Within P&I's list of the 25 biggest managers of hedge funds, other firms with year-to-year growth over 20% were Credit Suisse Asset Management, up 30.5% with assets of $24.6 billion; Viking Global Investors LP, up 29.6% to $20.2 billion; The Baupost Group LLC, up 21.3% to $28.1 billion; and York Capital Management Global Advisors LLC, up 20% to $15 billion.
Two outliers in the top 25 list show higher growth rates, but that stems from reporting differences between 2012 and 2013: Canyon Capital Advisors LLC's assets, up 58% to $22.6 billion, and Pacific Investment Management Co.'s assets rose 52.5% to $15.4 billion.
The three biggest losers on P&I's top 25, with double-digit asset declines, were J.P. Morgan Asset Management where hedge fund assets dropped 23.6% to $22 billion; Paulson & Co. Inc., down 18.3% to $17.2 billion; and Winton Capital Management Ltd., down 15.5% to $24 billion.
For the 30 hedge fund managers that did not return P&I's survey, information about their net discretionary assets under management was gleaned from the brochure section of ADV forms filed with the Securities and Exchange Commission. (One caveat about using ADV information is that firms that predominantly manage hedge funds, especially credit specialists, may include non-hedge fund money within their net discretionary assets.)

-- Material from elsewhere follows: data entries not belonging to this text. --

text \<open>mu(A) = sum of the weights over A (possibly infinite, hence in ennreal).\<close>
definition wmeasure :: "('a \<Rightarrow> real) \<Rightarrow> 'a set \<Rightarrow> ennreal" where
  "wmeasure \<mu> A = infsum (\<lambda>v. ennreal (\<mu> v)) A"

definition doubling_const :: "('a \<Rightarrow> 'a \<Rightarrow> bool) \<Rightarrow> ('a \<Rightarrow> real) \<Rightarrow> ennreal" where
  "doubling_const E \<mu> =
     (SUP p \<in> (UNIV :: ('a \<times> nat) set).
        wmeasure \<mu> (gball E (fst p) (2 * snd p + 1)) / wmeasure \<mu> (gball E (fst p) (snd p)))"

definition doubling_measure :: "('a \<Rightarrow> 'a \<Rightarrow> bool) \<Rightarrow> ('a \<Rightarrow> real) \<Rightarrow> bool" where
  "doubling_measure E \<mu> \<longleftrightarrow> (\<forall>v. \<mu> v > 0) \<and> doubling_const E \<mu> < \<infinity>"

definition graph_doubling_const :: "('a \<Rightarrow> 'a \<Rightarrow> bool) \<Rightarrow> ennreal" where
  "graph_doubling_const E = (INF \<mu> \<in> {\<mu>. doubling_measure E \<mu>}. doubling_const E \<mu>)"

definition DM :: "('a \<Rightarrow> 'a \<Rightarrow> bool) \<Rightarrow> ('a \<Rightarrow> real) set" where
  "DM E = {\<mu>. doubling_measure E \<mu> \<and> doubling_const E \<mu> = graph_doubling_const E}"

definition convex_cone_fun :: "('a \<Rightarrow> real) set \<Rightarrow> bool" where
  "convex_cone_fun S \<longleftrightarrow>
     (\<forall>\<mu>\<in>S. \<forall>\<nu>\<in>S. \<forall>a b. a > 0 \<longrightarrow> b > 0 \<longrightarrow> (\<lambda>v. a * \<mu> v + b * \<nu> v) \<in> S)"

Among the firms that responded fully to P&I's survey, just seven firms reported that they manage more than 90% of their hedge fund assets for pension funds, endowments, foundations, sovereign wealth funds and insurance companies.
Black River Asset Management LLC and Cheyne Capital International Ltd., which each manage 100% of their assets for institutions, top that list. Coincidentally, both managers ran $5.2 billion in hedge funds as of June 30.